THE PROBLEM: Among the entries below, count the lines that contain the word "close". Write down only the total.

Stored entries:
▼▼▼
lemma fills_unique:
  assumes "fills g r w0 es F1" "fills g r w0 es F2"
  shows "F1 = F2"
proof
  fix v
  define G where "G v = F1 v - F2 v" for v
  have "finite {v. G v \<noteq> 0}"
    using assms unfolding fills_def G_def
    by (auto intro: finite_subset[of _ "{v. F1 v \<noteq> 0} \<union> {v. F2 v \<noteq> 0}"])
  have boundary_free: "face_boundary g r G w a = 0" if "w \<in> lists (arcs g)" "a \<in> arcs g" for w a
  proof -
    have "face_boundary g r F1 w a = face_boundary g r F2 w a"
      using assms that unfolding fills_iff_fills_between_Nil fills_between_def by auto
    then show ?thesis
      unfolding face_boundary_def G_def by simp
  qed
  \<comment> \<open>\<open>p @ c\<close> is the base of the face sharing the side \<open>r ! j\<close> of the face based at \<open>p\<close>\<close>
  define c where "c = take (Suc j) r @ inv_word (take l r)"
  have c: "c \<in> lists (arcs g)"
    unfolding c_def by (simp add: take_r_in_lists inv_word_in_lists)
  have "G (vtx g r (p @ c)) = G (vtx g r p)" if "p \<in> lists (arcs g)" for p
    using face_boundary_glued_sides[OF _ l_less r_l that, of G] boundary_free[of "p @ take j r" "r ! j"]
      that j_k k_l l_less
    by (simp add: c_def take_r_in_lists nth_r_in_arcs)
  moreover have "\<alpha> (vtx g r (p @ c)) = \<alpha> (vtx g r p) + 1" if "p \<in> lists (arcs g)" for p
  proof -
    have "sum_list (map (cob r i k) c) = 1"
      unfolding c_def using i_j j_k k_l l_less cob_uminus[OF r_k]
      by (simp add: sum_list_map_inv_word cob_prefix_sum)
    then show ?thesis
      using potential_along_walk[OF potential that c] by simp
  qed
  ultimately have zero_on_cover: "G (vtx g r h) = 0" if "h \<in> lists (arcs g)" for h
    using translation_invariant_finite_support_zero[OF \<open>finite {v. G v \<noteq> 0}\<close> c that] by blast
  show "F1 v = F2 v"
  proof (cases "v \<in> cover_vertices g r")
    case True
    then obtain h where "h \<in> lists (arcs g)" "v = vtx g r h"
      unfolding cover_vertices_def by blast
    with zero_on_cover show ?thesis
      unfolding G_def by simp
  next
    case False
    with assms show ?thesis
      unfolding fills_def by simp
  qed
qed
▲▲▲
WRITTEN ANSWER: 2